In my recent travels to India, I was talking to various segments of the population to judge the sentiments of the market.
One resounding comment from all quarters was the lack of action by the Reserve Bank of India (RBI) as the rupee slid more than 15 percent in the past three months.
I have revered the RBI as one of the most sensible central banks in the world. Not only have they shown intestinal fortitude in times of stress, but have resisted the obvious temptations to placate the markets by making inappropriate policy decisions.
So while I could not disagree with the masses who are frustrated with the inaction of the RBI, I was perplexed at the lack of urgency that was shown in stemming the sentiment against the Indian rupee until I saw the recent set of actions that were introduced late last week by the RBI.
There was a growing cacophony by the industry leaders, stock market participants and the self serving politicians who wanted the RBI to intervene in the markets and halt the decline in the rupee.
But the RBI was much too wise to fall for this obvious misstep.
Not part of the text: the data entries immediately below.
lemma p_sums_at_1_log_f: "p_sums_at_1 log_f log_zvar"
  unfolding p_sums_at_1_def p_sums_def
proof (intro allI)
  fix j k
  show "\<forall>\<^sub>F N in sequentially. pow_dvd k ((\<Sum>i\<le>N. inner_coeff log_f j $ i) - log_zvar $ j)"
  proof (cases "j = 0")
    case True
    thus ?thesis by (simp add: log_f_nth_nth_0 log_zvar_def)
  next
    case False
    then obtain K0 where K0: "\<And>K. K \<ge> K0 \<Longrightarrow> pow_dvd k (log_approx K $ j + 1 / of_nat j)"
      using log_approx_converges[of j k] by auto
    have "pow_dvd k ((\<Sum>i\<le>N. inner_coeff log_f j $ i) - log_zvar $ j)" if N: "N \<ge> p ^ K0" for N
    proof -
      have "N \<ge> 1" using N p_gt_1 by (meson le_trans one_le_power less_imp_le)
      then obtain K where K: "p ^ K \<le> N" "N < p ^ Suc K" "(\<Sum>i\<le>N. log_f $ i) = log_approx K"
        using log_f_partial_sum by blast
      have "K0 < Suc K" using N K power_less_imp_less_exp p_gt_1 by (meson le_less_trans)
      moreover have "(\<Sum>i\<le>N. inner_coeff log_f j $ i) = log_approx K $ j"
        using K(3) by (simp add: fps_sum_nth[symmetric])
      ultimately show ?thesis using K0[of K] False by (simp add: log_zvar_def)
    qed
    thus ?thesis unfolding eventually_sequentially by blast
  qed
qed

lemma fps_exp_compose_log_zvar: "fps_exp 1 oo log_zvar = zvar"
proof -
  define C where "C = fps_deriv log_zvar"
  have C: "C $ n = -1" for n by (simp add: C_def log_zvar_def del: of_nat_Suc)
  have "log_zvar $ 0 = 0" by (simp add: log_zvar_def)
  hence "fps_deriv (fps_exp 1 oo log_zvar) = C * (fps_exp 1 oo log_zvar)"
    by (simp add: C_def fps_compose_deriv mult.commute)
  moreover have "fps_deriv zvar = C * zvar"
  proof (rule fps_ext)
    fix n
    have "C * zvar = C - fps_X * C" by (simp add: zvar_def right_diff_distrib mult.commute)
    thus "fps_deriv zvar $ n = (C * zvar) $ n" by (cases n) (simp_all add: zvar_def C)
  qed
  ultimately show ?thesis by (rule fps_ode_unique) (simp add: zvar_def)
qed

lemma p_sums_at_1_w_exp_log_f: "p_sums_at_1 (w_exp log_f) zvar"
  using p_sums_at_1_w_exp[OF p_sums_at_1_log_f] fps_exp_compose_log_zvar by simp

end

section \<open>\<open>f = exp (log f)\<close>\<close>

definition lift_fps :: "'a::zero fps \<Rightarrow> 'a fps fps" where
  "lift_fps a = Abs_fps (\<lambda>n. fps_const (a $ n))"

lemma lift_fps_nth [simp]: "lift_fps a $ n = fps_const (a $ n)"
  by (simp add: lift_fps_def)

lemma lift_fps_mult: "lift_fps (a * b) = lift_fps a * lift_fps (b :: 'a::comm_ring_1 fps)"
proof (rule fps_ext, rule fps_ext)
  fix n j
  show "lift_fps (a * b) $ n $ j = (lift_fps a * lift_fps b) $ n $ j"
    by (cases "j = 0") (simp_all add: fps_mult_nth fps_sum_nth)
qed

lemma lift_fps_deriv: "fps_deriv (lift_fps a) = lift_fps (fps_deriv (a :: 'a::comm_ring_1 fps))"
  by (rule fps_ext) (simp add: fps_of_nat[symmetric] del: of_nat_Suc)

lemma subst_tm_eq_compose:
  "m \<ge> 1 \<Longrightarrow> subst_tm a c m = lift_fps a oo (fps_const c * fps_X ^ m)"
  by (rule fps_ext) (simp add: fps_compose_monom_nth subst_tm_nth)

lemma subst_tm_nth_0: "subst_tm a c m $ 0 = fps_const (a $ 0)"
  by (simp add: subst_tm_nth)

lemma fps_deriv_subst_tm_exp_compose:
  fixes L :: "rat fps"
  assumes "m \<ge> 1" "L $ 0 = 0"
  shows "fps_deriv (subst_tm (fps_exp 1 oo L) c m)
    = fps_deriv (subst_tm L c m) * subst_tm (fps_exp 1 oo L) c m"
proof -
  define B where "B = fps_const c * fps_X ^ m"
  have B0: "B $ 0 = 0" using assms by (simp add: B_def)
  have dE: "fps_deriv (fps_exp 1 oo L) = fps_deriv L * (fps_exp 1 oo L)"
    using assms(2) by (simp add: fps_compose_deriv mult.commute)
  have "fps_deriv (subst_tm (fps_exp 1 oo L) c m)
      = (lift_fps (fps_deriv L) oo B) * (lift_fps (fps_exp 1 oo L) oo B) * fps_deriv B"
    unfolding subst_tm_eq_compose[OF assms(1)] B_def[symmetric] fps_compose_deriv[OF B0]
      lift_fps_deriv dE lift_fps_mult fps_compose_mult_distrib[OF B0] ..
  thus ?thesis
    unfolding subst_tm_eq_compose[OF assms(1)] B_def[symmetric] fps_compose_deriv[OF B0]
      lift_fps_deriv by (simp add: mult_ac)
qed

context padic
begin

lemma f_AH_eq_w_exp_log_f: "f_AH p = w_exp log_f"
proof -
  define P Q R S where "P = subst_tm (artin_hasse p) zvar 1" and "Q = subst_tm (artin_hasse p) 1 p"
    and "R = subst_tm (artin_hasse p) 1 1" and "S = subst_tm (artin_hasse p) zvar p"
  define DP DQ DR DS where "DP = fps_deriv (subst_tm (AH_log p) zvar 1)"
    and "DQ = fps_deriv (subst_tm (AH_log p) 1 p)" and "DR = fps_deriv (subst_tm (AH_log p) 1 1)"
    and "DS = fps_deriv (subst_tm (AH_log p) zvar p)"
  define X where "X = w_exp log_f"
  have deriv: "fps_deriv (subst_tm (artin_hasse p) c m)
      = fps_deriv (subst_tm (AH_log p) c m) * subst_tm (artin_hasse p) c m" if "m \<ge> 1" for c m
    unfolding artin_hasse_def using that AH_log_nth_0 by (rule fps_deriv_subst_tm_exp_compose)
  have nth_0: "subst_tm (artin_hasse p) c m $ 0 = 1" for c m
    by (simp add: subst_tm_nth_0 artin_hasse_def)
  have dP: "fps_deriv P = DP * P" and dQ: "fps_deriv Q = DQ * Q"
    and dR: "fps_deriv R = DR * R" and dS: "fps_deriv S = DS * S"
    using p_gt_1 unfolding P_def Q_def R_def S_def DP_def DQ_def DR_def DS_def
    by (simp_all add: deriv)
  have dX: "fps_deriv X = (DP + DQ - DR - DS) * X"
    unfolding X_def DP_def DQ_def DR_def DS_def
    using fps_deriv_w_exp[OF log_f_nth_nth_0] by (simp add: log_f_def)
  text \<open>\<open>X R S\<close> and \<open>P Q\<close> solve the same linear ODE with the same constant term.\<close>
  have "fps_deriv (X * (R * S)) = (DP + DQ) * (X * (R * S))"
    by (simp add: dX dR dS algebra_simps)
  moreover have "fps_deriv (P * Q) = (DP + DQ) * (P * Q)"
    by (simp add: dP dQ algebra_simps)
  moreover have "X $ 0 = 1" unfolding X_def by (rule w_exp_nth_0) (rule log_f_nth_0)
  hence "(X * (R * S)) $ 0 = (P * Q) $ 0" by (simp add: P_def Q_def R_def S_def nth_0)
  ultimately have XRS: "X * (R * S) = P * Q" by (rule fps_ode_unique)
  have "(R * S) * inverse (R * S) = 1"
    by (rule fps_mult_inverse_eq_1) (simp add: R_def S_def nth_0)
  hence "P * Q * inverse (R * S) = X" unfolding XRS[symmetric] by (simp add: mult_ac)
  thus ?thesis unfolding f_AH_def P_def Q_def R_def S_def X_def by simp
qed

end

section \<open>Integrality of the Artin--Hasse exponential\<close>

lemma fps_compose_X_power_nth:
  fixes a :: "'a::comm_ring_1 fps"
  assumes "m \<ge> 1"
  shows "(a oo fps_X ^ m) $ n = (if m dvd n then a $ (n div m) else 0)"
  using fps_compose_monom_nth[OF assms, of a 1 n] by simp

lemma fps_cutoff_Suc: "fps_cutoff (Suc m) F = fps_cutoff m F + fps_const (F $ m) * fps_X ^ m"
  by (rule fps_ext) (simp add: less_Suc_eq)

context padic
begin

lemma fermat_int:
  assumes "\<not> int p dvd b" shows "int p dvd b ^ (p - 1) - 1"
proof -
  define r where "r = nat (b mod int p)"
  have br: "b mod int p = int r" unfolding r_def using p_gt_1 by simp
  have "\<not> p dvd r"
  proof
    assume "p dvd r"
    hence "int p dvd b mod int p" using br by simp
    thus False using assms by (simp add: dvd_mod_iff)
  qed
  hence "[r ^ (p - 1) = 1] (mod p)" using fermat_theorem[OF prime] by simp
  hence "(int r) ^ (p - 1) mod int p = 1 mod int p"
    by (metis cong_def of_nat_1 of_nat_mod of_nat_power)
  hence "(b mod int p) ^ (p - 1) mod int p = 1 mod int p" using br by simp
  hence "b ^ (p - 1) mod int p = 1 mod int p" by (simp add: power_mod)
  thus ?thesis by (simp add: mod_eq_dvd_iff)
qed

lemma fermat_int_fraction:
  assumes "\<not> int p dvd b" shows "int p dvd a ^ p - a * b ^ (p - 1)"
proof -
  have "int p dvd a ^ p - a"
  proof (cases "int p dvd a")
    case True
    moreover have "a dvd a ^ p" using p_gt_1 by (simp add: dvd_power)
    ultimately have "int p dvd a ^ p" by (rule dvd_trans)
    thus ?thesis using True by simp
  next
    case False
    hence "int p dvd a * (a ^ (p - 1) - 1)" using fermat_int by simp
    moreover have "a * (a ^ (p - 1) - 1) = a ^ p - a"
      using p_gt_1 by (simp add: algebra_simps power_Suc[symmetric])
    ultimately show ?thesis by simp
  qed
  moreover have "int p dvd a * (b ^ (p - 1) - 1)" using fermat_int[OF assms] by simp
  moreover have "a ^ p - a * b ^ (p - 1) = (a ^ p - a) - a * (b ^ (p - 1) - 1)"
    by (simp add: algebra_simps)
  ultimately show ?thesis by (metis dvd_diff)
qed

lemma pow_dvd_1_power_p_minus_self:
  assumes "c \<in> Zp p" shows "pow_dvd 1 (c ^ p - c)"
proof -
  obtain a b where ab: "b \<noteq> 0" "\<not> int p dvd b" "c = of_int a / of_int b" using assms Zp_iff by blast
  obtain k where k: "a ^ p - a * b ^ (p - 1) = int p * k"
    using fermat_int_fraction[OF ab(2), of a] by (elim dvdE)
  have "(of_int b :: rat) ^ p = of_int b * of_int b ^ (p - 1)"
    using p_gt_1 by (cases p) simp_all
  hence "c ^ p - c = of_int (a ^ p - a * b ^ (p - 1)) / of_int (b ^ p)"
    using ab(1) unfolding ab(3) by (simp add: field_simps power_divide)
  also have "\<dots> = of_nat p * (of_int k / of_int (b ^ p))" unfolding k by simp
  finally have eq: "c ^ p - c = of_nat p * (of_int k / of_int (b ^ p))" .
  have "\<not> int p dvd b ^ p" using ab(2) prime prime_dvd_power_int by fastforce
  hence "of_int k / of_int (b ^ p) \<in> Zp p" using ab(1) by (intro Zp_intro) auto
  thus ?thesis unfolding eq by (rule pow_dvd_1_p_mult)
qed

lemma fact_p_decomposition: "\<exists>u. \<not> p dvd u \<and> fact n = p ^ (n div p) * fact (n div p) * (u :: nat)"
proof (induction n)
  case (Suc n)
  then obtain u where u: "\<not> p dvd u" "fact n = p ^ (n div p) * fact (n div p) * (u :: nat)" by blast
  show ?case
  proof (cases "p dvd Suc n")
    case True
    define q where "q = n div p"
    have d: "Suc n div p = Suc q" using True by (simp add: div_Suc dvd_eq_mod_eq_0 q_def)
    hence "Suc n = p * Suc q" using True by (metis dvd_mult_div_cancel)
    hence "fact (Suc n) = p ^ Suc q * (Suc q * fact q) * u"
      unfolding fact_Suc[of n] u(2) q_def[symmetric] by (simp only: power_Suc of_nat_id mult_ac)
    thus ?thesis unfolding d using u(1) by (intro exI[of _ u]) simp
  next
    case False
    hence d: "Suc n div p = n div p" by (simp add: div_Suc dvd_eq_mod_eq_0)
    have "fact (Suc n) = p ^ (n div p) * fact (n div p) * (Suc n * u)"
      unfolding fact_Suc[of n] u(2) by (simp only: of_nat_id mult_ac)
    moreover have "\<not> p dvd Suc n * u" using False u(1) prime_dvd_mult_iff[OF prime] by blast
    ultimately show ?thesis unfolding d by blast
  qed
qed (intro exI[of _ 1], use p_gt_1 in auto)

lemma Zp_p_power_divide_fact: "j \<ge> 1 \<Longrightarrow> (of_nat p :: rat) ^ (j - 1) / fact j \<in> Zp p"
proof (induction j rule: less_induct)
  case (less j)
  obtain u where u: "\<not> p dvd u" "fact j = p ^ (j div p) * fact (j div p) * (u :: nat)"
    using fact_p_decomposition by blast
  define q where "q = j div p"
  have fj: "(fact j :: rat) = of_nat p ^ q * fact q * of_nat u"
    using arg_cong[OF u(2), of "of_nat :: nat \<Rightarrow> rat"] unfolding q_def by simp
  show ?case
  proof (cases "q = 0")
    case True
    have "(of_nat p :: rat) ^ (j - 1) / fact j = of_nat (p ^ (j - 1)) / of_nat u"
      unfolding fj True by simp
    also have "\<dots> \<in> Zp p" by (rule Zp_divide_nat[OF Zp_of_nat u(1)])
    finally show ?thesis .
  next
    case False
    have "q < j" unfolding q_def using less.prems p_gt_1 by simp
    hence IH: "(of_nat p :: rat) ^ (q - 1) / fact q \<in> Zp p" using less.IH False by simp
    have "2 * q \<le> p * q" using p_gt_1 by (intro mult_le_mono1) simp
    also have "p * q \<le> j" unfolding q_def by (simp add: times_div_less_eq_dividend)
    finally have jq: "j - 1 = (j - 2 * q) + q + (q - 1)" using False by arith
    have "(of_nat p :: rat) ^ (j - 1) / fact j
        = of_nat (p ^ (j - 2 * q)) * (of_nat p ^ (q - 1) / fact q) / of_nat u"
      unfolding fj jq power_add using p_gt_1 by (simp add: field_simps)
    also have "\<dots> \<in> Zp p" by (intro Zp_divide_nat Zp_mult Zp_of_nat IH u(1))
    finally show ?thesis .
  qed
qed

definition Zp_fps :: "rat fps \<Rightarrow> bool" where
  "Zp_fps x \<longleftrightarrow> (\<forall>j. x $ j \<in> Zp p)"

definition p_dvd_fps :: "rat fps \<Rightarrow> bool" where
  "p_dvd_fps x \<longleftrightarrow> (\<forall>j. pow_dvd 1 (x $ j))"

lemma Zp_fps_diff: "Zp_fps x \<Longrightarrow> Zp_fps y \<Longrightarrow> Zp_fps (x - y)"
  and Zp_fps_1: "Zp_fps 1"
  and Zp_fps_const: "c \<in> Zp p \<Longrightarrow> Zp_fps (fps_const c)"
  and Zp_fps_X_power: "Zp_fps (fps_X ^ m)"
  and Zp_fps_of_nat: "Zp_fps (of_nat m)"
  by (auto simp: Zp_fps_def fps_of_nat[symmetric])

lemma Zp_fps_sum: "(\<And>x. x \<in> A \<Longrightarrow> Zp_fps (f x)) \<Longrightarrow> Zp_fps (sum f A)"
  unfolding Zp_fps_def fps_sum_nth by auto

lemma Zp_fps_mult: "Zp_fps x \<Longrightarrow> Zp_fps y \<Longrightarrow> Zp_fps (x * y)"
  unfolding Zp_fps_def fps_mult_nth by auto

lemma Zp_fps_power: "Zp_fps x \<Longrightarrow> Zp_fps (x ^ n)"
  by (induction n) (auto intro: Zp_fps_mult Zp_fps_1)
History has shown over and over again that intervention by central banks only has limited, short-term effects. And thus intervention to save the rupee would damage the reserves that the RBI had built up.
Dropping interest rates was another misguided, short-term and self-serving demand of the people in India. The RBI once again resisted the demands and stuck to its interest-rate hikes and then orchestrated a pause. As the circumstances have changed, it has now signaled intent toward a stop of hikes with the intent of next moves being determined by trade data.
As you can see, the responses of the RBI are very carefully calibrated and deliberate. There are no knee-jerk reactions as well no caving into special interests. RBI is independent of influence (for the most part) and takes its mandate of staving off inflation very seriously.
Some of the recent actions include opening a separate window which is accessible to oil importers who have to sell rupees to buy dollars.
This eases the selling pressure on rupees in the open markets. The next step it took was to restrict the cancellations of forward contracts and rebooking of the same by corporate hedgers as well as traders. Once again the pressure on rupee sales on the near end of the market is not controlled further.
As a result of this and other actions taken by the RBI, we have begun to see an appreciation of the rupee by nearly 2 percent since the last two working days.
While it is too early to call an end to decline of the rupee, it may be a sign of the bottoming out and as the global sentiment against the U.S. dollar grows again, we could see a rapid appreciation in the rupee.
I would consider an investment in the Indian rupee to take advantage of the upcoming appreciation in the rupee.
But use caution as you jump in as volatility is to be expected and this suggestion of investment is not for the faint hearted.